I concentrate on Marc’s directions and try not to think about what Ian has already written in there about me. I’m sure it’s colorful, considering the complete one-eighty I pulled at the café yesterday. But he’d shaken me up, and my response to being shaken is to fight back any way I have to.
It’s a lesson I learned early and well.
“Good, Veronica, darling. That’s perfect,” Marc tells me as he snaps picture after picture. “Now pout a little for me. Yes, yes…a little more. That’s right. Good, good. Can you roll over on your stomach now, darling? Yes, like that. No, no, keep your skirt hiked up. I want to see the top of your stockings. Bend your knees. Good, now maybe kick off one of your shoes—no, no, not completely off. Leave it dangling on your toes like the femme fatale we all know you are. Yes, yes, like that. Can you prop your elbows up now? Rest your chin on your hands. Yes, exactly. Now give me your most demure look—”
“Do you want to fix my lipstick?” Though I haven’t looked in a mirror yet, I’m uncomfortably aware of it smeared on the edge of my cheek. Above my lip. I don’t like the feeling, don’t like anything that doesn’t fit between the lines ascribed to it.
“No, no, I don’t. It’s perfect. You’re perfect, darling. Now smile for me. Smile, smile, smile. Like a predator, love, not the prey. I know you—ah, yes. There it is. There. It. Is. Good, good.”
Through it all the camera continues to click, picture after picture, until finally he calls a break and I end up back in the dressing room getting my hair and makeup redone. This time I’m in a beautiful, vintage, black and white Dior dress with an asymmetrical collar, puffy sleeves that go to my elbow and a thick, black patent leather belt that accentuates my waist. Black gloves and red shoes for a “pop of color” complete the outfit, as does the wide brimmed hat the stylist sticks on my head at the last minute.

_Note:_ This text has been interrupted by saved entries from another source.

theorem lemma3p3:
  fixes p :: nat
  assumes "prime p" and "p \<ge> 5" and "p mod 6 = 5"
    and "CHAR('a::field) = p"
  shows "\<not> ((var_beta - var_alpha) dvd (d2ab p :: (nat \<Rightarrow>\<^sub>0 nat) \<Rightarrow>\<^sub>0 'a))
         \<and> poly (c2 p :: 'a poly) 2 \<noteq> 0 \<and> poly (c2 p :: 'a poly) (-2) \<noteq> 0
         \<and> separable (c2 p :: 'a poly)"
proof -
  obtain m where p: "p = 6 * m + 5"
    using div_mult_mod_eq[of p 6] assms(3) by (metis add.commute mult.commute)
  have char: "prime CHAR('a)" "CHAR('a) = 6 * m + 5" using assms(1,4) p by simp_all
  note ode = c2_solves_ode[OF p, where 'a = 'a]
  note unit = is_unit_higher_pderiv_c2[OF char, folded p]
  have "- of_nat (4 * m + 1) + 2 * of_nat k \<noteq> (0 :: 'a)" if "k < m" for k
  proof -
    have "(of_nat (4 * m + 1 - 2 * k) :: 'a) \<noteq> 0"
      using that char(2) by (intro of_nat_neq_0_below_CHAR) simp_all
    moreover have "- of_nat (4 * m + 1) + 2 * of_nat k = - (of_nat (4 * m + 1 - 2 * k) :: 'a)"
      using that by (simp add: of_nat_diff)
    ultimately show ?thesis by simp
  qed
  moreover have "(2 :: 'a) \<noteq> 0" "(2 :: 'a) * 2 = 4"
    using of_nat_neq_0_below_CHAR[of 2, where 'a = 'a] char(2) by simp_all
  ultimately have "poly (c2 p :: 'a poly) 2 \<noteq> 0" "poly (c2 p :: 'a poly) (-2) \<noteq> 0"
    using solves_ode_poly_neq_0[OF ode unit] by auto
  with solves_ode_coprime_pderiv[OF ode unit] show ?thesis
    unfolding separable_def using d2ab_not_dvd[OF char] p by simp
qed

end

They want to photograph this look with me walking up and down the rows of my father’s perfectly landscaped English garden. It was his pride and joy when he was alive and since his death several years ago, my mother and I have made it a point to keep it up. I’m not sure why I bother since it’s one of my least favorite places on the estate, but it’s what he would have wanted so…

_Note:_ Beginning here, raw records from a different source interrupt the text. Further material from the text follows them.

(* Assume the payoffs are normalized with $T=1$, $S=0$. Assume X uses a memory-one strategy $\mathbf p$ whose X Press-Dyson vector is $\mathbf p-(1,1,0,0)=\gamma(\bar\alpha\mathbf S_X+\bar\beta\mathbf S_Y+\mathbf 1)$ with $\gamma>0$. Let $-Z^{-1}=\bar\alpha+\bar\beta$, so that $P\le Z\le R$. Then for any strategy pattern played by Y and any associated limit distribution, $$\bar\alpha Z(s_X-s_Y)=s_Y-Z.$$ Furthermore, with $\kappa=\bar\alpha Z/(1+\bar\alpha Z)$ one has $\kappa<1$, $\kappa$ has the same sign as $\bar\alpha$, and for any strategy pattern played by Y and any associated limit distribution, $$\kappa(s_X-Z)=s_Y-Z.$$
   Context: Iterated Prisoner's Dilemma with normalized payoffs $T=1>R>P>S=0$ and $2R>1$; outcomes ordered $cc,cd,dc,dd$ (first letter X's play, second Y's; $c$ = cooperate, $d$ = defect); payoff vectors $\mathbf S_X=(R,0,1,P)$, $\mathbf S_Y=(R,1,0,P)$, $\mathbf 1=(1,1,1,1)$. A memory-one strategy for X is $\mathbf p\in[0,1]^4$, $p_i$ the probability X plays $c$ after outcome $i$ of the previous round. A strategy pattern for Y is any (possibly randomized, history-dependent) rule for Y's play. With $\mathbf v^n$ the distribution of the outcome of round $n$, a limit distribution is any limit point $\mathbf v$ of the Cesàro averages $\frac1n\sum_{k\le n}\mathbf v^k$, with expected payoffs $s_X=\langle\mathbf v\cdot\mathbf S_X\rangle$, $s_Y=\langle\mathbf v\cdot\mathbf S_Y\rangle$. *)

theory Defs
  imports Complex_Main
begin

text \<open>Outcomes of one round: (X cooperates?, Y cooperates?).
  cc = (True,True), cd = (True,False), dc = (False,True), dd = (False,False).
  Vectors indexed by outcomes are functions outcome => real.\<close>
type_synonym outcome = "bool \<times> bool"

definition SX :: "real \<Rightarrow> real \<Rightarrow> outcome \<Rightarrow> real" where
  "SX R P w = (case w of (True, True) \<Rightarrow> R | (True, False) \<Rightarrow> 0
                         | (False, True) \<Rightarrow> 1 | (False, False) \<Rightarrow> P)"

definition SY :: "real \<Rightarrow> real \<Rightarrow> outcome \<Rightarrow> real" where
  "SY R P w = (case w of (True, True) \<Rightarrow> R | (True, False) \<Rightarrow> 1
                         | (False, True) \<Rightarrow> 0 | (False, False) \<Rightarrow> P)"

definition e12 :: "outcome \<Rightarrow> real" where
  "e12 w = (if fst w then 1 else 0)"

definition memory_one :: "(outcome \<Rightarrow> real) \<Rightarrow> bool" where
  "memory_one p \<longleftrightarrow> (\<forall>w. 0 \<le> p w \<and> p w \<le> 1)"

text \<open>A strategy pattern for Y: probability that Y cooperates given the full history
  of previous outcomes (a behavioural, history-dependent, randomized rule).\<close>
definition strategy_pattern :: "(outcome list \<Rightarrow> real) \<Rightarrow> bool" where
  "strategy_pattern q \<longleftrightarrow> (\<forall>h. 0 \<le> q h \<and> q h \<le> 1)"

definition x_coop :: "(outcome \<Rightarrow> real) \<Rightarrow> real \<Rightarrow> outcome list \<Rightarrow> real" where
  "x_coop p p0 h = (if h = [] then p0 else p (last h))"

definition step_prob :: "(outcome \<Rightarrow> real) \<Rightarrow> real \<Rightarrow> (outcome list \<Rightarrow> real)
    \<Rightarrow> outcome list \<Rightarrow> outcome \<Rightarrow> real" where
  "step_prob p p0 q h w =
     (if fst w then x_coop p p0 h else 1 - x_coop p p0 h) *
     (if snd w then q h else 1 - q h)"

definition hist_prob :: "(outcome \<Rightarrow> real) \<Rightarrow> real \<Rightarrow> (outcome list \<Rightarrow> real)
    \<Rightarrow> outcome list \<Rightarrow> real" where
  "hist_prob p p0 q h = (\<Prod>i<length h. step_prob p p0 q (take i h) (h ! i))"

text \<open>v^(n+1): distribution of the outcome of round n+1 (rounds counted from 0 here).\<close>
definition round_dist :: "(outcome \<Rightarrow> real) \<Rightarrow> real \<Rightarrow> (outcome list \<Rightarrow> real)
    \<Rightarrow> nat \<Rightarrow> outcome \<Rightarrow> real" where
  "round_dist p p0 q n w =
     (\<Sum>h\<in>{h. length h = Suc n}. if last h = w then hist_prob p p0 q h else 0)"

definition cesaro :: "(outcome \<Rightarrow> real) \<Rightarrow> real \<Rightarrow> (outcome list \<Rightarrow> real)
    \<Rightarrow> nat \<Rightarrow> outcome \<Rightarrow> real" where
  "cesaro p p0 q n w = (\<Sum>k<n. round_dist p p0 q k w) / real n"

definition limit_dist :: "(outcome \<Rightarrow> real) \<Rightarrow> real \<Rightarrow> (outcome list \<Rightarrow> real)
    \<Rightarrow> (outcome \<Rightarrow> real) \<Rightarrow> bool" where
  "limit_dist p p0 q v \<longleftrightarrow>
     (\<exists>r::nat \<Rightarrow> nat. strict_mono r \<and> (\<forall>w. (\<lambda>n. cesaro p p0 q (r n) w) \<longlonglongrightarrow> v w))"

definition payoff :: "(outcome \<Rightarrow> real) \<Rightarrow> (outcome \<Rightarrow> real) \<Rightarrow> real" where
  "payoff v S = (\<Sum>w\<in>UNIV. v w * S w)"

end

theory Submission
  imports Defs
begin

text \<open>Akin's lemma: X's probability of cooperating in round n+1 is the expected value of
  p in round n, so the expectations of p - e12 under the round distributions telescope
  and their Cesaro means vanish; hence every limit distribution v is orthogonal to the
  Press-Dyson vector p - e12. With p - e12 = \<gamma>(\<alpha> SX + \<beta> SY + 1) this is the linear
  relation \<alpha> sX + \<beta> sY + 1 = 0, which is rewritten using (\<alpha> + \<beta>) Z = -1. The
  bounds P \<le> Z \<le> R and 1 + \<alpha> Z > 0 come from 0 \<le> p \<le> 1 at the outcomes cc, dc, dd.\<close>

lemma sum_UNIV_outcome:
  "(\<Sum>w\<in>UNIV. f w) = f (True,True) + f (True,False) + f (False,True) + f (False,False)"
  for f :: "outcome \<Rightarrow> 'a::comm_monoid_add"
proof -
  have UNIV_outcome: "(UNIV::outcome set) = {(True,True),(True,False),(False,True),(False,False)}"
    by (auto simp: UNIV_bool)
  show ?thesis by (subst UNIV_outcome) (simp add: add.assoc)
qed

Halfway through our time outside, Marc has one of his assistants find me pruning shears and then tells me to go crazy. I know Miguel, my gardener, will kill me if I mess up his plants, but once I cut off the first hibiscus blossom, I’m a little bit of a woman possessed. I start hacking away, cutting a couple flowers of each variety, including the very rare verbascums, and leave them strewn on the path like breadcrumbs for Hansel and Gretel to find.
As I do, I can’t help wishing that they’d been there all those years ago. My younger self could have used them.
We move from the garden to the pool, where I’m in a vintage polka dotted two-piece with a matching towel and beach ball à la Gidget. Then I’m in a red pencil skirt and white blouse in my father’s office—which I haven’t changed at all since he died—playing boss woman with my three thousand dollar shoes kicked up on his desk.
I’m in vintage pedal pushers while I arrange flowers in the kitchen and another Chanel suit—white with elaborate black piping this time—in front of the huge black gate that separates the estate from the people on the street who want to gawk at the movie stars. At me.
At one point Marc shoots me right up against the gate, my gloved hands wrapped around the bars, and I can’t help wondering what it looks like. Can’t help wondering if he’s going for the poor little rich girl vibe, if he’s trying to show just how trapped and isolated it sometimes feels being on this side of the gate.